RECORDS FOR THIS TASK =
◇ ◇ ◇ ◇ ◇ ◇ ◇
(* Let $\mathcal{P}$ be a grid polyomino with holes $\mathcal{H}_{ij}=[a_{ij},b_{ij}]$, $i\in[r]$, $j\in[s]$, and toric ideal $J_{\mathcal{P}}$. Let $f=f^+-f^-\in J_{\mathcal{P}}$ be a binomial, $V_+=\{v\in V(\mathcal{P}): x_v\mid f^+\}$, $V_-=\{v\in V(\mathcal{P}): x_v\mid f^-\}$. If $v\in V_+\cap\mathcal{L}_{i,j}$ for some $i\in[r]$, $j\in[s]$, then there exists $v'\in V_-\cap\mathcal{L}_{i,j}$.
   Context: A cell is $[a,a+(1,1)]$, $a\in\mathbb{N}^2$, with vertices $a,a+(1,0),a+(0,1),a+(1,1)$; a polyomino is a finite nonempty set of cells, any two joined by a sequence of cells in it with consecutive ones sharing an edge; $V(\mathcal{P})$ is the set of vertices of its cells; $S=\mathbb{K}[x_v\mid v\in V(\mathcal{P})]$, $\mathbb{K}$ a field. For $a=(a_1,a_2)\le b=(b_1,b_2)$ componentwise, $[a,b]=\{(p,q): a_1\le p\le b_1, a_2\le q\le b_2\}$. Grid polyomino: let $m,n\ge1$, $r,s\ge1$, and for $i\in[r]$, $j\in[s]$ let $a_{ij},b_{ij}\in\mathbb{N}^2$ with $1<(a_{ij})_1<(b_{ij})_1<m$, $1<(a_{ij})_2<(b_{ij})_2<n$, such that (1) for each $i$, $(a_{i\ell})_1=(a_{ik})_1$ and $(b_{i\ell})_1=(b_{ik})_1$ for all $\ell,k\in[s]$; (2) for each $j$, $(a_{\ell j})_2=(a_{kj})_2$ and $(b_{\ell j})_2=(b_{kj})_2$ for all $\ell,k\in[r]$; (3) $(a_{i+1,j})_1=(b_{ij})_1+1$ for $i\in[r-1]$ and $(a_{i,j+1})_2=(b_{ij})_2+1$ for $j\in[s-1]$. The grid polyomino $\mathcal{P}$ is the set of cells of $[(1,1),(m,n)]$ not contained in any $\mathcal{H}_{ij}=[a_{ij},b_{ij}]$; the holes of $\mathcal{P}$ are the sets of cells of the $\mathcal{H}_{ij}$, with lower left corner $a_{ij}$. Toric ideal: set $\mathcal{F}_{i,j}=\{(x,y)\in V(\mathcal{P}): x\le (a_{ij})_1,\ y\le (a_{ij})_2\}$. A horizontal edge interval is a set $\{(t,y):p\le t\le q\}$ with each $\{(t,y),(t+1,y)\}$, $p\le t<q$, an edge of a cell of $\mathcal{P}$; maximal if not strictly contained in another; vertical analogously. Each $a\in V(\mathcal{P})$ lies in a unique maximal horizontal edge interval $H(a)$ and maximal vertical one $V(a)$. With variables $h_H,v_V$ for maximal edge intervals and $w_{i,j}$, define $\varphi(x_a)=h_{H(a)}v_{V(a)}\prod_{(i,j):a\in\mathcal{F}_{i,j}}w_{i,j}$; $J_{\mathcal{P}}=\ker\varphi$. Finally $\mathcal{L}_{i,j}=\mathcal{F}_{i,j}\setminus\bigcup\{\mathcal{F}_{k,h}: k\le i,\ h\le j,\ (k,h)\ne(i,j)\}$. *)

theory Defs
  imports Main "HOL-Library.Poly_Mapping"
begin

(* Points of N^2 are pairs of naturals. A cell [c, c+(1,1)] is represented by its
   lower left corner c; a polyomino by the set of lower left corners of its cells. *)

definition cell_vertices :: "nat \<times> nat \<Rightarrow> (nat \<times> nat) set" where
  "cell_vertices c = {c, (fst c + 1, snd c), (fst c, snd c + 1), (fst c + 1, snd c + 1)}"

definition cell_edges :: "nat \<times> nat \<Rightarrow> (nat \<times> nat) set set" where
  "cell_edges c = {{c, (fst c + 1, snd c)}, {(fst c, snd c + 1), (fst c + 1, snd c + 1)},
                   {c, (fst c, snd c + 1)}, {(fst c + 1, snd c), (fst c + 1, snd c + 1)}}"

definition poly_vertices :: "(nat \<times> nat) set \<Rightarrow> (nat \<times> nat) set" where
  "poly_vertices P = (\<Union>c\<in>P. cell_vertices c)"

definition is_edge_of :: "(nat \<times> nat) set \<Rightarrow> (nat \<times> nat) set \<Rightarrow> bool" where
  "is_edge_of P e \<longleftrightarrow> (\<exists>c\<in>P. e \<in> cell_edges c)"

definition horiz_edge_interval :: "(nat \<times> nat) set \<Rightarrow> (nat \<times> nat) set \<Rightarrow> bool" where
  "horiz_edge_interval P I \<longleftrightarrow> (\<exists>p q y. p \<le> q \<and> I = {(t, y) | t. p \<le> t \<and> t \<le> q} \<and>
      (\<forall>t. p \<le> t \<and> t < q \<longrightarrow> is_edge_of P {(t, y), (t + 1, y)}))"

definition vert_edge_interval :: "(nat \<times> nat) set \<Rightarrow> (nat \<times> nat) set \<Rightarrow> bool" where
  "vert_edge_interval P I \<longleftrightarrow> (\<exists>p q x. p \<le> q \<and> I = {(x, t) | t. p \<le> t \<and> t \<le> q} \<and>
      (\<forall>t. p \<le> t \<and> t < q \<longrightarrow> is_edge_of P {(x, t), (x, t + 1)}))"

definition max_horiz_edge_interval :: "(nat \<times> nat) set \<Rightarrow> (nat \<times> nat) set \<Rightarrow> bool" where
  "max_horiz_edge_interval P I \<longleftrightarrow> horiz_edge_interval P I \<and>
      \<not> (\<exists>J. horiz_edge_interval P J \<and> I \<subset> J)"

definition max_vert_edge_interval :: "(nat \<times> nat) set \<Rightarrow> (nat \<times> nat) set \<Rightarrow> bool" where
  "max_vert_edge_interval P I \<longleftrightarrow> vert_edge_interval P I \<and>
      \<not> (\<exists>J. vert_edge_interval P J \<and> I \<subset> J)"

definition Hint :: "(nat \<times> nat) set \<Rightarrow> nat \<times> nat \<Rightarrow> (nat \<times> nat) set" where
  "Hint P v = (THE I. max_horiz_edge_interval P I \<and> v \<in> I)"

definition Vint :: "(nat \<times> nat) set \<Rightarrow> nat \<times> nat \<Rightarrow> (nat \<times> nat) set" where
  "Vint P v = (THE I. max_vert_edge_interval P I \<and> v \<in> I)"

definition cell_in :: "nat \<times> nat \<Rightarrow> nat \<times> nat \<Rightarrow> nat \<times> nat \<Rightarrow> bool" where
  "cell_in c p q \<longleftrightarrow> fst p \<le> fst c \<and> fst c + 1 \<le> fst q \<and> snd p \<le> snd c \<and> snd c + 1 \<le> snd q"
◇ ◇ ◇ ◇ ◇ ◇ ◇
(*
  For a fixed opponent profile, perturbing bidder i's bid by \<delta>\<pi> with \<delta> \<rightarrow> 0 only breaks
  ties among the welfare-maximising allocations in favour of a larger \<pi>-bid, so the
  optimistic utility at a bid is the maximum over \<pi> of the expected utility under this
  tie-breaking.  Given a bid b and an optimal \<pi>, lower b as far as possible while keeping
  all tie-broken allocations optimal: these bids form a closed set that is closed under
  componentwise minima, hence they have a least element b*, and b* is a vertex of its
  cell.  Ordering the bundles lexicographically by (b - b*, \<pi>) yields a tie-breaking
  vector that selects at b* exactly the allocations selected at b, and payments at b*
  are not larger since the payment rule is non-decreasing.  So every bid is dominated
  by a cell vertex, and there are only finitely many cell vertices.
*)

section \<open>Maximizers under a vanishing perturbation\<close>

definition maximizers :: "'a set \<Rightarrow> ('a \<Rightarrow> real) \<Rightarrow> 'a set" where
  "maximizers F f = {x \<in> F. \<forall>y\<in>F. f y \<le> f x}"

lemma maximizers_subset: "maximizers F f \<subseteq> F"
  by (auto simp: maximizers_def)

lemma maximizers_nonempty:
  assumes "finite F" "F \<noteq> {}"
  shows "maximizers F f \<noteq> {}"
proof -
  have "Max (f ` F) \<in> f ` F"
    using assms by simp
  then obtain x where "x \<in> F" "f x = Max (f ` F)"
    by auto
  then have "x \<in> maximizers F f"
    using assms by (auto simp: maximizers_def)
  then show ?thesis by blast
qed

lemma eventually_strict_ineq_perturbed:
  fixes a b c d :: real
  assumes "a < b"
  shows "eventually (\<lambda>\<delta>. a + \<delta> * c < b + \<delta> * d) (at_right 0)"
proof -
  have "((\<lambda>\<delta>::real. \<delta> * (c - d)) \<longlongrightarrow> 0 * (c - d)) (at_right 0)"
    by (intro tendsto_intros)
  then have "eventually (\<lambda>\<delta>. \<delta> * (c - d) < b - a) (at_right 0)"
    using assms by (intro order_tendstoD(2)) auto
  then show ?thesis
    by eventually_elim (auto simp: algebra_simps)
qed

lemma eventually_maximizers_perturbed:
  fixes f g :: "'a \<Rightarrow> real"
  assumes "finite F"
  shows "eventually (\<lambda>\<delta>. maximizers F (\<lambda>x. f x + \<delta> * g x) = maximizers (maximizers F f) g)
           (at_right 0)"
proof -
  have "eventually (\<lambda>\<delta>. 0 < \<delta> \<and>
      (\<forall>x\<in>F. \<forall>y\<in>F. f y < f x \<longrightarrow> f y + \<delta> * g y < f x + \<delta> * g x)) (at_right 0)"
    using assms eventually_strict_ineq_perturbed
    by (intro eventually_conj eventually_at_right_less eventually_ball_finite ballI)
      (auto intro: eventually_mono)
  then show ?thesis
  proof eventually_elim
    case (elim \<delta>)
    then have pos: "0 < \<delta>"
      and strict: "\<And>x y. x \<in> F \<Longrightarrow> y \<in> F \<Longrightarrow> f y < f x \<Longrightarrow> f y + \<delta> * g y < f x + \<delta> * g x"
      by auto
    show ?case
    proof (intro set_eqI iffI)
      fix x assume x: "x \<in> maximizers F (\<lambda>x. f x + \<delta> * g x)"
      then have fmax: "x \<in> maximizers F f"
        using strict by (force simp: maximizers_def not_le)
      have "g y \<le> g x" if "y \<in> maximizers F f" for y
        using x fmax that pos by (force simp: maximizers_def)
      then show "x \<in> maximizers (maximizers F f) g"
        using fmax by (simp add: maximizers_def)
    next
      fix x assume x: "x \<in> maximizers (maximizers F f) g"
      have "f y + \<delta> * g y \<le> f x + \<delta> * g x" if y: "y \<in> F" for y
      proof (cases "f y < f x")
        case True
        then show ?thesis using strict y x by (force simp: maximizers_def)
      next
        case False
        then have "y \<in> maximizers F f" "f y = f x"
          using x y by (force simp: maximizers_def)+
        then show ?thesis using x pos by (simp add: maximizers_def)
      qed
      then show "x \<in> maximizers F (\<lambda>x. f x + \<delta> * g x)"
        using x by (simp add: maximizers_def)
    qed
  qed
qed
◇ ◇ ◇ ◇ ◇ ◇ ◇
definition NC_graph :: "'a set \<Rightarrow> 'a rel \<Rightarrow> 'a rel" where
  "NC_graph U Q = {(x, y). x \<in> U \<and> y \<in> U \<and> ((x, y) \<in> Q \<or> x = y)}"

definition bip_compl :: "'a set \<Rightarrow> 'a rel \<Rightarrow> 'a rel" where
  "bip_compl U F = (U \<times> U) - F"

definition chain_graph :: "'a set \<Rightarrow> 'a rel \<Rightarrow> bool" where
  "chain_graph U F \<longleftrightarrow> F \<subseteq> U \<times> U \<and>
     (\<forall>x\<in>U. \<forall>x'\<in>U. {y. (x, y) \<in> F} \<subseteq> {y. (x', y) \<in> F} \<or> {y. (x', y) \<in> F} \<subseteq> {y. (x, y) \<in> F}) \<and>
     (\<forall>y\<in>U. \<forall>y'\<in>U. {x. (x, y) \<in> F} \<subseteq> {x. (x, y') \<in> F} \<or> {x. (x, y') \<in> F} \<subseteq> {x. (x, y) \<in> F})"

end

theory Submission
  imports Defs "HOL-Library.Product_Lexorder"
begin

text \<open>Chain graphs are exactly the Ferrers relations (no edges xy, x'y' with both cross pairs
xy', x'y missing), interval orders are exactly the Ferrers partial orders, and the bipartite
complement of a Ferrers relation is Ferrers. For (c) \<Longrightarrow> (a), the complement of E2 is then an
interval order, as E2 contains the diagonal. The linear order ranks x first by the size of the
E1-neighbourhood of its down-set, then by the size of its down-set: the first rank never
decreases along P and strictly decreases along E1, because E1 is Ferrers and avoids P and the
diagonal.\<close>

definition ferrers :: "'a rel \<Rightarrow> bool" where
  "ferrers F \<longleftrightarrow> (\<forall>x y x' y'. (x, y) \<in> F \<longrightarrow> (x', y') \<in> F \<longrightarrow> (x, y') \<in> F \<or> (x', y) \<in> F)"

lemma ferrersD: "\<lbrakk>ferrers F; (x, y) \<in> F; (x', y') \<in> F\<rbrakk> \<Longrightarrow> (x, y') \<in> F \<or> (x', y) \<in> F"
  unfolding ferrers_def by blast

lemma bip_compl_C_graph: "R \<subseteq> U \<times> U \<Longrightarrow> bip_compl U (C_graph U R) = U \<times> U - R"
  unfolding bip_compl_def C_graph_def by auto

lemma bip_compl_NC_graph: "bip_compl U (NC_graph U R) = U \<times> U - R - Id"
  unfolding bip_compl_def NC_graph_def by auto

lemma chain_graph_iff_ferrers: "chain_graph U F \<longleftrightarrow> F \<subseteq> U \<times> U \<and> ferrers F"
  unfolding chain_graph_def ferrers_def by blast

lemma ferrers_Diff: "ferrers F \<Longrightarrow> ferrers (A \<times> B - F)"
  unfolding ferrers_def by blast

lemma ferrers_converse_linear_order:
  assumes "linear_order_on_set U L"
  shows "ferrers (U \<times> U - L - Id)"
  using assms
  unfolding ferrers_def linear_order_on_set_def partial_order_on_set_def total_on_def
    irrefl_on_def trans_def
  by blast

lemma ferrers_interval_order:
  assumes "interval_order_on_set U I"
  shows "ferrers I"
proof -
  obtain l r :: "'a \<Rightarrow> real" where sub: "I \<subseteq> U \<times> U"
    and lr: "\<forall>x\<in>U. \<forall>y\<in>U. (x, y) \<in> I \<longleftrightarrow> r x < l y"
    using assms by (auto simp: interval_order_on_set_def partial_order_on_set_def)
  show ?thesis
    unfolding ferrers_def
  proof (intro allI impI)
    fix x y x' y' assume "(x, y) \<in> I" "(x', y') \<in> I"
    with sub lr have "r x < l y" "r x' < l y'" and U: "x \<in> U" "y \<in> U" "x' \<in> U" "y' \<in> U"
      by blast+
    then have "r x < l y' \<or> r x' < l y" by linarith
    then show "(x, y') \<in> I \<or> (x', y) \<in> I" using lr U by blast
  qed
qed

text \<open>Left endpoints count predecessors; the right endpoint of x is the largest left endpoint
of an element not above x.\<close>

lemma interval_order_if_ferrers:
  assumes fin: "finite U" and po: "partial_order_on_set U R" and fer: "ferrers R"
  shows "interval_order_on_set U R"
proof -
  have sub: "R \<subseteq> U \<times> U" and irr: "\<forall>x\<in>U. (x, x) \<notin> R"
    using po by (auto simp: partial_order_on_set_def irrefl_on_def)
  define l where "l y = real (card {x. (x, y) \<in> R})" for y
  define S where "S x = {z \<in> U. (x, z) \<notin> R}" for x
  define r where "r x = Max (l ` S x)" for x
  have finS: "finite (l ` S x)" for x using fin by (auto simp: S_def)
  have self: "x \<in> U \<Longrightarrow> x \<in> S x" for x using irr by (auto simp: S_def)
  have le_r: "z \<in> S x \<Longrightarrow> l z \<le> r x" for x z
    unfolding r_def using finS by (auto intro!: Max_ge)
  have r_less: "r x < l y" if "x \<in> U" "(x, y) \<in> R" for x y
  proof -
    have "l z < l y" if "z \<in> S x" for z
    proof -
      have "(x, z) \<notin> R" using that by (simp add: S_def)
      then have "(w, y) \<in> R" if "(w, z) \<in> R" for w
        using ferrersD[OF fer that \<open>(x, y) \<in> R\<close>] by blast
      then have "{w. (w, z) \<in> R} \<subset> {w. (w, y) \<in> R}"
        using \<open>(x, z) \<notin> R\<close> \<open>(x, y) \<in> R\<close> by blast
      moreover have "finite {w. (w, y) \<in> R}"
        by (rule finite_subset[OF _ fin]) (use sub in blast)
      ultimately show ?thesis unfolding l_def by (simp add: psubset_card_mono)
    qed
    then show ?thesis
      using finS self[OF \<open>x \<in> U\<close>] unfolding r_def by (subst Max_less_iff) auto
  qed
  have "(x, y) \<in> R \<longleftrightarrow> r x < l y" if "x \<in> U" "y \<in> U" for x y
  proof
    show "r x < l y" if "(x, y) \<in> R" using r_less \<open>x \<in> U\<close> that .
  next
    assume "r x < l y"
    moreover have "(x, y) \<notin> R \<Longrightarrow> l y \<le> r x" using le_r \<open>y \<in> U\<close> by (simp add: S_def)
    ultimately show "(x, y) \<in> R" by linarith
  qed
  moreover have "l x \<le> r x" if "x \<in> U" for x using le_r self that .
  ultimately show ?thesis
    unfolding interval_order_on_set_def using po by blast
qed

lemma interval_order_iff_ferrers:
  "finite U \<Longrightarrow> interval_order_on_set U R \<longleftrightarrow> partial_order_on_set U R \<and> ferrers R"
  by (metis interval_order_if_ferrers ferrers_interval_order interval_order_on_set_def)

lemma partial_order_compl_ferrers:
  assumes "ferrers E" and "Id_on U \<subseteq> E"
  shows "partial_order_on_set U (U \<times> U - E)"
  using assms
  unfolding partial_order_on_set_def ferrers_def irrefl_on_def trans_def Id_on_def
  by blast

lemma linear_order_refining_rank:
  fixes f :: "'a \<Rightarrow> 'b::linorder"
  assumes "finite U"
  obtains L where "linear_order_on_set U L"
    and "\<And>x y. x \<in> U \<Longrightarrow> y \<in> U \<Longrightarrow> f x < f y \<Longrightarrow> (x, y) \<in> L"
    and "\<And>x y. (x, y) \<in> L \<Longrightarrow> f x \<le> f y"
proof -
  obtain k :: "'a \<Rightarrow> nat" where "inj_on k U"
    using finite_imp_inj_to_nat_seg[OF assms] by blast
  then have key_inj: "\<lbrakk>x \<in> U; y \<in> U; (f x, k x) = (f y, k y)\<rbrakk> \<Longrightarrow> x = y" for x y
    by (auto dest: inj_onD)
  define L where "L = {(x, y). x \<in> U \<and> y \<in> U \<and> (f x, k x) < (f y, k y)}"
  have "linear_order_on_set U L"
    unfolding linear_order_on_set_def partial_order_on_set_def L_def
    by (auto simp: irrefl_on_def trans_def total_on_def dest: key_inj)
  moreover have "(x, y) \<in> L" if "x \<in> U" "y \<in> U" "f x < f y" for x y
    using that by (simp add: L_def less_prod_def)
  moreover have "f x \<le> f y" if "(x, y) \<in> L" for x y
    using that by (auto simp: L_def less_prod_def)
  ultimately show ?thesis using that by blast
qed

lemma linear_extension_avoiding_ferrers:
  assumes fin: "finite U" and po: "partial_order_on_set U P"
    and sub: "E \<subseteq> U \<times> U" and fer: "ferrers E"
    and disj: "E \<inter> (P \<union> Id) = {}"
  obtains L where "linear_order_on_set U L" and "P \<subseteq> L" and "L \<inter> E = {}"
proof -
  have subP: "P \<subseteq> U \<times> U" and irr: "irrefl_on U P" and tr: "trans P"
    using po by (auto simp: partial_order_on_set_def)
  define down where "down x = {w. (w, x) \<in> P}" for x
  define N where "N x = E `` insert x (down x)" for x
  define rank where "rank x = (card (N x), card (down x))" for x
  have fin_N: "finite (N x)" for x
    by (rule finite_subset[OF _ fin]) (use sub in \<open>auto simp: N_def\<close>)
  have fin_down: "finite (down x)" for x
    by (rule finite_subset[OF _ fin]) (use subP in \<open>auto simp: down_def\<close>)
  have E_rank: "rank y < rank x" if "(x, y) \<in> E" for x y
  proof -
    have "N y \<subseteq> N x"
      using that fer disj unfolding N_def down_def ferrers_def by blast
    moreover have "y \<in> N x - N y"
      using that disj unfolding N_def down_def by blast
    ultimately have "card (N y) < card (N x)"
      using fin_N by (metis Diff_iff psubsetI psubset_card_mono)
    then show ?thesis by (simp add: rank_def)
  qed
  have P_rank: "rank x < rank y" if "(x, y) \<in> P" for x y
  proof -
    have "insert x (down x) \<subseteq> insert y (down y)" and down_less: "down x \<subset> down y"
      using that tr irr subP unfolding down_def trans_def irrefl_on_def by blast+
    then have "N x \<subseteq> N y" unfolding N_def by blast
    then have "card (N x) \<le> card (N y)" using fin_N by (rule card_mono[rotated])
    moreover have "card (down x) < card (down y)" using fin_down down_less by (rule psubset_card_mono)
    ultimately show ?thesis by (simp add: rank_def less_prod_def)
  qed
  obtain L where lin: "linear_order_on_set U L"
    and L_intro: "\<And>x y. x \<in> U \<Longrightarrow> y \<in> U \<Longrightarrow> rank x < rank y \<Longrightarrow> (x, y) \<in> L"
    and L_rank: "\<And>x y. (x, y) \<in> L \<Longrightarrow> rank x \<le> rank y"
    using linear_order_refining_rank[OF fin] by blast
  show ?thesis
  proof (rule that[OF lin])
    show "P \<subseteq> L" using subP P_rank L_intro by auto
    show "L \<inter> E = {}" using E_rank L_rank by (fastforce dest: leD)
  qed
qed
◇ ◇ ◇ ◇ ◇ ◇ ◇
TASK STATEMENT =
The answer is the run of lines above from the line containing "unfolding bip_compl_def NC_graph_def" through the line containing "proof (intro allI impI)", copied exactly and alone.

SOLUTION FOR THIS TASK =
  unfolding bip_compl_def NC_graph_def by auto

lemma chain_graph_iff_ferrers: "chain_graph U F \<longleftrightarrow> F \<subseteq> U \<times> U \<and> ferrers F"
  unfolding chain_graph_def ferrers_def by blast

lemma ferrers_Diff: "ferrers F \<Longrightarrow> ferrers (A \<times> B - F)"
  unfolding ferrers_def by blast

lemma ferrers_converse_linear_order:
  assumes "linear_order_on_set U L"
  shows "ferrers (U \<times> U - L - Id)"
  using assms
  unfolding ferrers_def linear_order_on_set_def partial_order_on_set_def total_on_def
    irrefl_on_def trans_def
  by blast

lemma ferrers_interval_order:
  assumes "interval_order_on_set U I"
  shows "ferrers I"
proof -
  obtain l r :: "'a \<Rightarrow> real" where sub: "I \<subseteq> U \<times> U"
    and lr: "\<forall>x\<in>U. \<forall>y\<in>U. (x, y) \<in> I \<longleftrightarrow> r x < l y"
    using assms by (auto simp: interval_order_on_set_def partial_order_on_set_def)
  show ?thesis
    unfolding ferrers_def
  proof (intro allI impI)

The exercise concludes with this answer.